Во-вторых, «Испанское каприччио», «Шехеразада» и «Светлый праздник» — вершины в движении разных линий национального жанрового симфонизма, «русской» и повествующей «о других землях и народах». Сам композитор охарактеризовал эти три сочинения как рубежные и по стилистическому признаку: они, писал Римский-Корсаков, «заканчивают собой период моей деятельности, в конце которого оркестровка моя достигла значительной степени виртуозности и яркой звучности без вагнеровского влияния, при ограничении себя обыкновенным глинкинским составом оркестра. <...> Исчезающий контрапункт заменяется сильным и виртуозным развитием фигураций, которые поддерживают технический интерес моих сочинений».

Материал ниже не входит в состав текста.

lemma t_common_eigenvector:
  assumes "\<theta> x = - x" and "x \<noteq> 0" and "br Y (br Y x) = - (\<nu>\<^sup>2) *\<^sub>R x"
  obtains v b where "\<theta> v = - v" and "v \<noteq> 0" and "br Y (br Y v) = - (\<nu>\<^sup>2) *\<^sub>R v"
    and "\<And>Z. Z \<in> t \<Longrightarrow> br Z (br Y v) = b Z *\<^sub>R v"
proof -
  define W where "W = {w. \<theta> w = - w \<and> br Y (br Y w) = - (\<nu>\<^sup>2) *\<^sub>R w}"
  define F where "F = (\<lambda>Z w. br Z (br Y w)) ` t"
  note YZ = ad_t_commute[OF Y_in_t]
  have "subspace W"
    unfolding W_def subspace_def by (auto simp: theta_simps br_simps scaleR_add_right)
  have "br Z (br Y (br Z' (br Y w))) = br Z' (br Y (br Z (br Y w)))" if "Z \<in> t" "Z' \<in> t" for Z Z' w
  proof -
    have "br Z (br Y (br Z' (br Y w))) = br Z (br Z' (br Y (br Y w)))"
      by (simp only: YZ[OF that(2)])
    also have "\<dots> = br Z' (br Z (br Y (br Y w)))" by (rule ad_t_commute[OF that])
    also have "\<dots> = br Z' (br Y (br Z (br Y w)))" by (simp only: YZ[OF that(1)])
    finally show ?thesis .
  qed
  then have comm: "\<forall>S\<in>F. \<forall>T\<in>F. \<forall>w\<in>W. S (T w) = T (S w)"
    unfolding F_def by blast
  have "B\<theta>.symmetric_on W (\<lambda>w. br Z (br Y w))" if "Z \<in> t" for Z
    unfolding B\<theta>.symmetric_on_def
  proof (intro conjI ballI)
    show "linear (\<lambda>w. br Z (br Y w))"
      using linear_compose[OF linear_br_right linear_br_right] by (simp add: o_def)
    show "br Z (br Y w) \<in> W" if "w \<in> W" for w
    proof -
      have "br Y (br Y (br Z (br Y w))) = br Z (br Y (br Y (br Y w)))"
        by (simp only: YZ[OF \<open>Z \<in> t\<close>])
      then show ?thesis
        using \<open>w \<in> W\<close> \<open>Z \<in> t\<close> unfolding W_def by (simp add: theta_br theta_t theta_Y br_simps)
    qed
    show "B\<theta> (br Z (br Y u)) w = B\<theta> u (br Z (br Y w))" for u w
      using B\<theta>_ad_skew[OF theta_t[OF \<open>Z \<in> t\<close>]] B\<theta>_ad_Y_skew YZ[OF \<open>Z \<in> t\<close>] by simp
  qed
  then have sym: "\<forall>S\<in>F. B\<theta>.symmetric_on W S" unfolding F_def by blast
  have "x \<in> W" using assms unfolding W_def by blast
  then have "\<exists>v\<in>W. v \<noteq> 0 \<and> (\<forall>S\<in>F. \<exists>c. S v = c *\<^sub>R v)"
    by (rule B\<theta>.common_eigenvector[OF \<open>subspace W\<close> sym comm _ \<open>x \<noteq> 0\<close>])
  then obtain v where "v \<in> W" "v \<noteq> 0" and "\<forall>S\<in>F. \<exists>c. S v = c *\<^sub>R v" by blast
  then have "\<forall>Z\<in>t. \<exists>c. br Z (br Y v) = c *\<^sub>R v" unfolding F_def by simp
  then obtain b where "\<And>Z. Z \<in> t \<Longrightarrow> br Z (br Y v) = b Z *\<^sub>R v"
    by (metis bchoice)
  with \<open>v \<in> W\<close> \<open>v \<noteq> 0\<close> show ?thesis using that unfolding W_def by blast
qed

Действительно, блестящая концертность, невиданное ранее богатство оркестровых приемов, редкостное разнообразие колорита, запечатленные в этих партитурах, не имеют себе равных ни в отечественной, ни в зарубежной музыке той эпохи. Композитор не случайно подчеркнул отсутствие вагнеровского влияния: менее чем через год после завершения «Шехеразады» он испытает сильнейшее влияние «вагнеровского способа оркестровки» и вступит в творческую дискуссию с ним. Оркестровые же произведения конца 80-х годов — своего рода итог кучкистского симфонизма, а также вывод из музыкальных идей всей русской школы, от Глинки до Бородина.

Это проявляется, конечно, не только в оркестровом письме. «Испанское каприччио» может быть истолковано как hommage (приношение) памяти Глинки, автора двух испанских увертюр. «Шехеразада» посвящена Стасову, страстному поклоннику «восточного элемента» в русской музыке. «Светлый праздник» — ушедшим из жизни друзьям, Мусоргскому и Бородину, и многое в этом сочинении вызывает в памяти открытия «Бориса Годунова» и «Князя Игоря». Важно также, что замыслы обоих сочинений возникли в период наиболее активной редакторской деятельности Римского-Корсакова — вскоре после премьеры «Хованщины» в его оркестровке, завершения партитуры «Ночи на Лысой горе», в разгар работы над окончанием «Князя Игоря».

Испанская, арабская и русская музыкальные картины различны по материалу (в «Каприччио» и «Светлом празднике» взяты подлинные темы, в «Шехеразаде» — собственные стилизованные «в восточном роде»), по формам его организации (сюита танцев, одночастная увертюра, симфонический цикл), по характеру «сверхмузыкального» замысла (в «Каприччио» нет объявленной программы, но она вычитывается из сопоставления частей, из театральной композиции Сцены и цыганской песни; «Шехеразада» имеет очень общую программу повествовательного типа, подробнее прокомментированную автором в «Летописи»; краткая программа «Светлого праздника», тоже дополненная в «Летописи», является не сочинением автора, а художественной интерпретацией фрагментов Священного Писания).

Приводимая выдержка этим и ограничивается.